═══ DATA FOR REVIEW

(* Let $\Sigma\subseteq\mathcal L_{\Diamond\forall}$ be closed under subformulas and let $\mathfrak Q=(W,\preccurlyeq,S,\ell)$ be an honest, deterministic $\Sigma$-quasimodel. Define a valuation $[\![\cdot]\!]_{\mathfrak Q}$ on the dynamical system $(W,\text{up-set topology of }\preccurlyeq,S)$ by $[\![p]\!]_{\mathfrak Q}=\{w\in W: p\in\ell^+(w)\}$, extended to all formulas by the usual recursive clauses. Then for all formulas $\varphi\in\mathcal L_\Diamond$ and all $w\in W$: (1) if $\varphi\in\ell^+(w)$ then $w\in[\![\varphi]\!]_{\mathfrak Q}$, and (2) if $\varphi\in\ell^-(w)$ then $w\notin[\![\varphi]\!]_{\mathfrak Q}$.
   Context: $\mathcal L_{\Diamond\forall}$: formulas $\varphi::=\bot\mid p\mid\varphi\wedge\varphi\mid\varphi\vee\varphi\mid\varphi\to\varphi\mid\circ\varphi\mid\Diamond\varphi\mid\forall\varphi$; $\mathcal L_\Diamond$ is its $\forall$-free fragment. Recursive clauses of a valuation on a dynamical system $(X,\mathcal T,f)$: $[\![\bot]\!]=\varnothing$, $[\![\varphi\wedge\psi]\!]=[\![\varphi]\!]\cap[\![\psi]\!]$, $[\![\varphi\vee\psi]\!]=[\![\varphi]\!]\cup[\![\psi]\!]$, $[\![\varphi\to\psi]\!]=((X\setminus[\![\varphi]\!])\cup[\![\psi]\!])^\circ$, $[\![\circ\varphi]\!]=f^{-1}[\![\varphi]\!]$, $[\![\Diamond\varphi]\!]=\bigcup_nf^{-n}[\![\varphi]\!]$, $[\![\forall\varphi]\!]=X$ if $[\![\varphi]\!]=X$ else $\varnothing$. The up-set topology of a partial order has the upward closed sets as open sets. A $\Sigma$-type is a pair $\Phi=(\Phi^+,\Phi^-)$ of finite subsets of $\Sigma$ with: (1) $\Phi^-\cap\Phi^+=\varnothing$; (2) $\bot\notin\Phi^+$; (3) $\varphi\wedge\psi\in\Phi^+\Rightarrow\varphi,\psi\in\Phi^+$; (4) $\varphi\wedge\psi\in\Phi^-\Rightarrow\varphi\in\Phi^-$ or $\psi\in\Phi^-$; (5) $\varphi\vee\psi\in\Phi^+\Rightarrow\varphi\in\Phi^+$ or $\psi\in\Phi^+$; (6) $\varphi\vee\psi\in\Phi^-\Rightarrow\varphi,\psi\in\Phi^-$; (7) $\varphi\to\psi\in\Phi^+\Rightarrow\varphi\in\Phi^-$ or $\psi\in\Phi^+$; (8) $\varphi\to\psi\in\Phi^-\Rightarrow\psi\in\Phi^-$; (9) $\Diamond\varphi\in\Phi^-\Rightarrow\varphi\in\Phi^-$. $\Phi\preccurlyeq_T\Psi$ means $\Phi^+\subseteq\Psi^+$ and $\Psi^-\subseteq\Phi^-$. A pair $(\Phi,\Psi)$ of types is sensible if: $\circ\varphi\in\Phi^+\Rightarrow\varphi\in\Psi^+$; $\circ\varphi\in\Phi^-\Rightarrow\varphi\in\Psi^-$; $\Diamond\varphi\in\Phi^+\Rightarrow\varphi\in\Phi^+$ or $\Diamond\varphi\in\Psi^+$; $\Diamond\varphi\in\Phi^-\Rightarrow\Diamond\varphi\in\Psi^-$; $\forall\varphi\in\Phi^+\Leftrightarrow\forall\varphi\in\Psi^+$; $\forall\varphi\in\Phi^-\Leftrightarrow\forall\varphi\in\Psi^-$. A $\Sigma$-quasimodel is $(W,\preccurlyeq,S,\ell)$ where $\preccurlyeq$ is a partial order on $W$; $\ell$ assigns to each $w$ a $\Sigma$-type $\ell(w)=(\ell^+(w),\ell^-(w))$ with $w\preccurlyeq v\Rightarrow\ell(w)\preccurlyeq_T\ell(v)$; whenever $\varphi\to\psi\in\ell^-(w)$ there is $v\succcurlyeq w$ with $\varphi\in\ell^+(v)$, $\psi\in\ell^-(v)$; $S\subseteq W\times W$ is forward confluent (if $w\preccurlyeq w'$ and $w\mathrel Sv$ then there is $v'\succcurlyeq v$ with $w'\mathrel Sv'$); every pair $(\ell(w),\ell(v))$ with $w\mathrel Sv$ is sensible; $S$ is serial; and $S$ is $\omega$-sensible: whenever $\Diamond\varphi\in\ell^+(w)$ there are $n\ge0$ and $v$ with $w\mathrel{S^n}v$ and $\varphi\in\ell^+(v)$. It is honest if for all $w$ and $\forall\varphi\in\Sigma$: $\forall\varphi\in\ell^+(w)$ implies $\varphi\in\ell^+(v)$ for all $v\in W$, and $\forall\varphi\in\ell^-(w)$ implies $\varphi\in\ell^-(v)$ for some $v\in W$. It is deterministic if $S$ is a function. *)

theory Defs
  imports "HOL-Analysis.Analysis"
begin

datatype 'a fml =
    Bot
  | Var 'a
  | And "'a fml" "'a fml"
  | Or "'a fml" "'a fml"
  | Imp "'a fml" "'a fml"
  | Next "'a fml"
  | Dia "'a fml"
  | All "'a fml"

fun forall_free :: "'a fml \<Rightarrow> bool" where
  "forall_free Bot = True"
| "forall_free (Var p) = True"
| "forall_free (And a b) = (forall_free a \<and> forall_free b)"
| "forall_free (Or a b) = (forall_free a \<and> forall_free b)"
| "forall_free (Imp a b) = (forall_free a \<and> forall_free b)"
| "forall_free (Next a) = forall_free a"
| "forall_free (Dia a) = forall_free a"
| "forall_free (All a) = False"

fun subformulas :: "'a fml \<Rightarrow> 'a fml set" where
  "subformulas Bot = {Bot}"
| "subformulas (Var p) = {Var p}"
| "subformulas (And a b) = insert (And a b) (subformulas a \<union> subformulas b)"
| "subformulas (Or a b) = insert (Or a b) (subformulas a \<union> subformulas b)"
| "subformulas (Imp a b) = insert (Imp a b) (subformulas a \<union> subformulas b)"
| "subformulas (Next a) = insert (Next a) (subformulas a)"
| "subformulas (Dia a) = insert (Dia a) (subformulas a)"
| "subformulas (All a) = insert (All a) (subformulas a)"

definition subformula_closed :: "'a fml set \<Rightarrow> bool" where
  "subformula_closed \<Sigma> \<longleftrightarrow> (\<forall>\<phi>\<in>\<Sigma>. subformulas \<phi> \<subseteq> \<Sigma>)"

fun val :: "'w topology \<Rightarrow> ('w \<Rightarrow> 'w) \<Rightarrow> ('a \<Rightarrow> 'w set) \<Rightarrow> 'a fml \<Rightarrow> 'w set" where
  "val T f V Bot = {}"
| "val T f V (Var p) = V p"
| "val T f V (And a b) = val T f V a \<inter> val T f V b"
| "val T f V (Or a b) = val T f V a \<union> val T f V b"
| "val T f V (Imp a b) = T interior_of ((topspace T - val T f V a) \<union> val T f V b)"
| "val T f V (Next a) = topspace T \<inter> f -` val T f V a"
| "val T f V (Dia a) = (\<Union>n. topspace T \<inter> (f ^^ n) -` val T f V a)"
| "val T f V (All a) = (if val T f V a = topspace T then topspace T else {})"

definition upset_topology :: "'w set \<Rightarrow> ('w \<Rightarrow> 'w \<Rightarrow> bool) \<Rightarrow> 'w topology" where
  "upset_topology W leq =
     topology (\<lambda>U. U \<subseteq> W \<and> (\<forall>w\<in>U. \<forall>v\<in>W. leq w v \<longrightarrow> v \<in> U))"

definition is_type :: "'a fml set \<Rightarrow> 'a fml set \<times> 'a fml set \<Rightarrow> bool" where
  "is_type \<Sigma> \<Phi> \<longleftrightarrow>
     (let P = fst \<Phi>; N = snd \<Phi> in
       finite P \<and> finite N \<and> P \<subseteq> \<Sigma> \<and> N \<subseteq> \<Sigma> \<and>
       N \<inter> P = {} \<and>
       Bot \<notin> P \<and>
       (\<forall>a b. And a b \<in> P \<longrightarrow> a \<in> P \<and> b \<in> P) \<and>
       (\<forall>a b. And a b \<in> N \<longrightarrow> a \<in> N \<or> b \<in> N) \<and>
       (\<forall>a b. Or a b \<in> P \<longrightarrow> a \<in> P \<or> b \<in> P) \<and>
       (\<forall>a b. Or a b \<in> N \<longrightarrow> a \<in> N \<and> b \<in> N) \<and>
       (\<forall>a b. Imp a b \<in> P \<longrightarrow> a \<in> N \<or> b \<in> P) \<and>
       (\<forall>a b. Imp a b \<in> N \<longrightarrow> b \<in> N) \<and>
       (\<forall>a. Dia a \<in> N \<longrightarrow> a \<in> N))"

definition type_le :: "'a fml set \<times> 'a fml set \<Rightarrow> 'a fml set \<times> 'a fml set \<Rightarrow> bool" where
  "type_le \<Phi> \<Psi> \<longleftrightarrow> fst \<Phi> \<subseteq> fst \<Psi> \<and> snd \<Psi> \<subseteq> snd \<Phi>"

definition sensible :: "'a fml set \<times> 'a fml set \<Rightarrow> 'a fml set \<times> 'a fml set \<Rightarrow> bool" where
  "sensible \<Phi> \<Psi> \<longleftrightarrow>
     (\<forall>a. Next a \<in> fst \<Phi> \<longrightarrow> a \<in> fst \<Psi>) \<and>
     (\<forall>a. Next a \<in> snd \<Phi> \<longrightarrow> a \<in> snd \<Psi>) \<and>
     (\<forall>a. Dia a \<in> fst \<Phi> \<longrightarrow> a \<in> fst \<Phi> \<or> Dia a \<in> fst \<Psi>) \<and>
     (\<forall>a. Dia a \<in> snd \<Phi> \<longrightarrow> Dia a \<in> snd \<Psi>) \<and>
     (\<forall>a. All a \<in> fst \<Phi> \<longleftrightarrow> All a \<in> fst \<Psi>) \<and>
     (\<forall>a. All a \<in> snd \<Phi> \<longleftrightarrow> All a \<in> snd \<Psi>)"

definition quasimodel ::
  "'a fml set \<Rightarrow> 'w set \<Rightarrow> ('w \<Rightarrow> 'w \<Rightarrow> bool) \<Rightarrow> ('w \<Rightarrow> 'w \<Rightarrow> bool)
     \<Rightarrow> ('w \<Rightarrow> 'a fml set \<times> 'a fml set) \<Rightarrow> bool" where
  "quasimodel \<Sigma> W leq S l \<longleftrightarrow>
     \<comment> \<open>leq is a partial order on W\<close>
     (\<forall>w\<in>W. leq w w) \<and>
     (\<forall>u\<in>W. \<forall>v\<in>W. \<forall>w\<in>W. leq u v \<longrightarrow> leq v w \<longrightarrow> leq u w) \<and>
     (\<forall>u\<in>W. \<forall>v\<in>W. leq u v \<longrightarrow> leq v u \<longrightarrow> u = v) \<and>
     \<comment> \<open>S is a relation on W\<close>
     (\<forall>w v. S w v \<longrightarrow> w \<in> W \<and> v \<in> W) \<and>
     \<comment> \<open>labels are types, monotone along leq\<close>
     (\<forall>w\<in>W. is_type \<Sigma> (l w)) \<and>
     (\<forall>w\<in>W. \<forall>v\<in>W. leq w v \<longrightarrow> type_le (l w) (l v)) \<and>
     \<comment> \<open>implication witnesses\<close>
     (\<forall>w\<in>W. \<forall>a b. Imp a b \<in> snd (l w) \<longrightarrow>
        (\<exists>v\<in>W. leq w v \<and> a \<in> fst (l v) \<and> b \<in> snd (l v))) \<and>
     \<comment> \<open>forward confluence\<close>
     (\<forall>w\<in>W. \<forall>w'\<in>W. \<forall>v. leq w w' \<longrightarrow> S w v \<longrightarrow> (\<exists>v'\<in>W. leq v v' \<and> S w' v')) \<and>
     \<comment> \<open>sensibility\<close>
     (\<forall>w v. S w v \<longrightarrow> sensible (l w) (l v)) \<and>
     \<comment> \<open>seriality\<close>
     (\<forall>w\<in>W. \<exists>v. S w v) \<and>
     \<comment> \<open>omega-sensibility\<close>
     (\<forall>w\<in>W. \<forall>a. Dia a \<in> fst (l w) \<longrightarrow> (\<exists>n v. (S ^^ n) w v \<and> v \<in> W \<and> a \<in> fst (l v)))"

definition honest :: "'a fml set \<Rightarrow> 'w set \<Rightarrow> ('w \<Rightarrow> 'a fml set \<times> 'a fml set) \<Rightarrow> bool" where
  "honest \<Sigma> W l \<longleftrightarrow>
     (\<forall>w\<in>W. \<forall>a. All a \<in> \<Sigma> \<longrightarrow>
        (All a \<in> fst (l w) \<longrightarrow> (\<forall>v\<in>W. a \<in> fst (l v))) \<and>
        (All a \<in> snd (l w) \<longrightarrow> (\<exists>v\<in>W. a \<in> snd (l v))))"

definition deterministic :: "'w set \<Rightarrow> ('w \<Rightarrow> 'w \<Rightarrow> bool) \<Rightarrow> bool" where
  "deterministic W S \<longleftrightarrow> (\<forall>w\<in>W. \<exists>!v. S w v)"

definition succ_fun :: "('w \<Rightarrow> 'w \<Rightarrow> bool) \<Rightarrow> 'w \<Rightarrow> 'w" where
  "succ_fun S w = (THE v. S w v)"

definition qm_val ::
  "'w set \<Rightarrow> ('w \<Rightarrow> 'w \<Rightarrow> bool) \<Rightarrow> ('w \<Rightarrow> 'w \<Rightarrow> bool)
     \<Rightarrow> ('w \<Rightarrow> 'a fml set \<times> 'a fml set) \<Rightarrow> 'a fml \<Rightarrow> 'w set" where
  "qm_val W leq S l =
     val (upset_topology W leq) (succ_fun S) (\<lambda>p. {w\<in>W. Var p \<in> fst (l w)})"

end

theory Submission
  imports Defs
begin

text \<open>The type conditions take care of the Boolean
  connectives. In the up-set topology the interior of a set consists of the points all of whose
  successors lie in it, so monotonicity of the labels and the implication witnesses settle
  implication. Determinism identifies the \<open>S\<close>-paths of length \<open>n\<close> with the iterates
  \<open>f\<^sup>n\<close> of the map \<open>f\<close>, so sensibility handles \<open>\<circ>\<close>, \<omega>-sensibility gives positive \<open>\<Diamond>\<close>,
  and a negative \<open>\<Diamond>\<close> is propagated along the whole orbit.\<close>

lemma istopology_upsets: "istopology (\<lambda>U. U \<subseteq> W \<and> (\<forall>w\<in>U. \<forall>v\<in>W. leq w v \<longrightarrow> v \<in> U))"
  unfolding istopology_def by blast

══════

Report only how many lines in the records contain the word "labels".

2